**Work request**. Print each line exactly, beginning with the one where "real) \<Rightarrow> real" appears and ending at the last line below.

-=-=-

section \<open>The block-counting generator and its uniformization\<close>

lemma genQ_eq_0_if_less: "l < j \<Longrightarrow> genQ F l j = 0"
  by (simp add: genQ_def)

lemma sum_genQ_row:
  assumes "l \<in> {1..N}"
  shows "(\<Sum>j\<in>{1..N}. genQ F l j * w j) = (\<Sum>j\<in>{1..<l}. rate F l j * (w j - w l))"
proof -
  have "(\<Sum>j\<in>{1..N}. genQ F l j * w j) = (\<Sum>j\<in>{1..<Suc l}. genQ F l j * w j)"
    by (rule sum.mono_neutral_right) (use assms in \<open>auto simp: genQ_eq_0_if_less\<close>)
  also have "\<dots> = (\<Sum>j\<in>{1..<l}. genQ F l j * w j) + genQ F l l * w l"
    using assms by simp
  also have "(\<Sum>j\<in>{1..<l}. genQ F l j * w j) = (\<Sum>j\<in>{1..<l}. rate F l j * w j)"
    by (intro sum.cong) (auto simp: genQ_def)
  also have "genQ F l l * w l = - (\<Sum>j\<in>{1..<l}. rate F l j * w l)"
    by (simp add: genQ_def sum_distrib_right)
  finally show ?thesis
    by (simp add: right_diff_distrib sum_subtractf)
qed

definition uniformized :: "(nat \<Rightarrow> real) \<Rightarrow> real \<Rightarrow> nat \<Rightarrow> nat \<Rightarrow> real" where
  "uniformized F c a b = genQ F a b + (if a = b then c else 0)"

-=-=-

**Answer to the problem**.
definition uniformized :: "(nat \<Rightarrow> real) \<Rightarrow> real \<Rightarrow> nat \<Rightarrow> nat \<Rightarrow> real" where
  "uniformized F c a b = genQ F a b + (if a = b then c else 0)"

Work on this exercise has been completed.